• PROMPT:
Return the records, each one exactly as written.

*** DATASET RECORDS ***

(* Let $(X_1,Y_1),\ldots,(X_n,Y_n)$ satisfy $Y_i = F(X_i)+\epsilon_i$ with $\epsilon_1,\ldots,\epsilon_n$ i.i.d. $N(0,\sigma^2)$, and suppose $\|F\|_\infty$, the supremum of $|F|$ on the support of $X$, is finite. Let $B, B_o \ge 1$, and let $\hat{F}^c_{BB_o}(x) = 2\hat{F}_B(x) - \hat{F}^o_{B_o}(x)$ be the bias-corrected ensemble prediction at a point $x$ (as defined in the context), and let $\hat{F}^c_{\infty}(x)$ denote its infinite-ensemble counterpart, i.e. the expectation of $\hat{F}^c_{BB_o}(x)$ over all randomization elements (the $\Omega_b$ and $\Omega^o_{b'}$), conditional on the data. Then \[ E\left(\hat{F}^c_{BB_o}(x) - \hat{F}^c_{\infty}(x)\right)^2 \le \left(\frac{64}{B} + \frac{80}{B_o}\right)\left[\|F\|_\infty^2 + \sigma^2\,(1+4\log n)\right], \] where the expectation is over both the noise and the randomization.
   Context: Ensemble of trees as local averaging estimators. A single tree learned with randomization parameter $\Omega$ (encoding the choice of bootstrap sample or subsample and any other internal randomness, e.g. random selection of candidate split variables) predicts at $x$ the value $T(x,\Omega)=\sum_{i=1}^n W_i(x,\Omega)Y_i$, where $W_i(x,\Omega) = L(x,X_i,\Omega)/N(x,\Omega)$, $L(x,X_i,\Omega)$ is the indicator that $x$ and $X_i$ fall in the same leaf, and $N(x,\Omega)$ is the number of training points in the leaf containing $x$; thus $0\le W_i(x,\Omega)\le 1$ and $\sum_i W_i(x,\Omega)=1$. With $\Omega_1,\ldots,\Omega_B$ i.i.d., the ensemble (random forest / bagged) prediction is $\hat{F}_B(x) = \frac1B\sum_{b=1}^B T(x,\Omega_b) = \sum_i \bar W_i^B(x) Y_i$, with $\bar W_i^B(x)=\frac1B\sum_b W_i(x,\Omega_b)$. Residual bootstrap ensemble. Each residual-bootstrap tree, with randomization parameter $\Omega^o$ (encoding the resampling of residuals, the resampling of data pairs and the tree's internal randomness), trained on responses $Y_i^o = \hat F_B(X_i) + \hat\epsilon_{j}$ formed by adding resampled residuals $\hat\epsilon_j = Y_j - \hat F_B(X_j)$ to the fitted values, predicts at $x$ the value $T^o(x,\Omega^o) = \sum_{i=1}^n\sum_{j=1}^n V_{ij}(x,\Omega^o)\,[\hat F_B(X_i) + (Y_j - \hat F_B(X_j))]$, with weights $0\le V_{ij}(x,\Omega^o)\le 1$ and $\sum_{i,j}V_{ij}(x,\Omega^o)=1$. With $\Omega^o_1,\ldots,\Omega^o_{B_o}$ i.i.d. and independent of $\Omega_1,\ldots,\Omega_B$, set $\hat F^o_{B_o}(x) = \frac{1}{B_o}\sum_{b'=1}^{B_o} T^o(x,\Omega^o_{b'})$. The bias-corrected prediction is $\hat F^c_{BB_o}(x) = 2\hat F_B(x) - \hat F^o_{B_o}(x)$. *)

theory Defs
  imports "HOL-Probability.Probability"
begin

***

• TASK RESPONSE:
(* Let $(X_1,Y_1),\ldots,(X_n,Y_n)$ satisfy $Y_i = F(X_i)+\epsilon_i$ with $\epsilon_1,\ldots,\epsilon_n$ i.i.d. $N(0,\sigma^2)$, and suppose $\|F\|_\infty$, the supremum of $|F|$ on the support of $X$, is finite. Let $B, B_o \ge 1$, and let $\hat{F}^c_{BB_o}(x) = 2\hat{F}_B(x) - \hat{F}^o_{B_o}(x)$ be the bias-corrected ensemble prediction at a point $x$ (as defined in the context), and let $\hat{F}^c_{\infty}(x)$ denote its infinite-ensemble counterpart, i.e. the expectation of $\hat{F}^c_{BB_o}(x)$ over all randomization elements (the $\Omega_b$ and $\Omega^o_{b'}$), conditional on the data. Then \[ E\left(\hat{F}^c_{BB_o}(x) - \hat{F}^c_{\infty}(x)\right)^2 \le \left(\frac{64}{B} + \frac{80}{B_o}\right)\left[\|F\|_\infty^2 + \sigma^2\,(1+4\log n)\right], \] where the expectation is over both the noise and the randomization.
   Context: Ensemble of trees as local averaging estimators. A single tree learned with randomization parameter $\Omega$ (encoding the choice of bootstrap sample or subsample and any other internal randomness, e.g. random selection of candidate split variables) predicts at $x$ the value $T(x,\Omega)=\sum_{i=1}^n W_i(x,\Omega)Y_i$, where $W_i(x,\Omega) = L(x,X_i,\Omega)/N(x,\Omega)$, $L(x,X_i,\Omega)$ is the indicator that $x$ and $X_i$ fall in the same leaf, and $N(x,\Omega)$ is the number of training points in the leaf containing $x$; thus $0\le W_i(x,\Omega)\le 1$ and $\sum_i W_i(x,\Omega)=1$. With $\Omega_1,\ldots,\Omega_B$ i.i.d., the ensemble (random forest / bagged) prediction is $\hat{F}_B(x) = \frac1B\sum_{b=1}^B T(x,\Omega_b) = \sum_i \bar W_i^B(x) Y_i$, with $\bar W_i^B(x)=\frac1B\sum_b W_i(x,\Omega_b)$. Residual bootstrap ensemble. Each residual-bootstrap tree, with randomization parameter $\Omega^o$ (encoding the resampling of residuals, the resampling of data pairs and the tree's internal randomness), trained on responses $Y_i^o = \hat F_B(X_i) + \hat\epsilon_{j}$ formed by adding resampled residuals $\hat\epsilon_j = Y_j - \hat F_B(X_j)$ to the fitted values, predicts at $x$ the value $T^o(x,\Omega^o) = \sum_{i=1}^n\sum_{j=1}^n V_{ij}(x,\Omega^o)\,[\hat F_B(X_i) + (Y_j - \hat F_B(X_j))]$, with weights $0\le V_{ij}(x,\Omega^o)\le 1$ and $\sum_{i,j}V_{ij}(x,\Omega^o)=1$. With $\Omega^o_1,\ldots,\Omega^o_{B_o}$ i.i.d. and independent of $\Omega_1,\ldots,\Omega_B$, set $\hat F^o_{B_o}(x) = \frac{1}{B_o}\sum_{b'=1}^{B_o} T^o(x,\Omega^o_{b'})$. The bias-corrected prediction is $\hat F^c_{BB_o}(x) = 2\hat F_B(x) - \hat F^o_{B_o}(x)$. *)

theory Defs
  imports "HOL-Probability.Probability"
begin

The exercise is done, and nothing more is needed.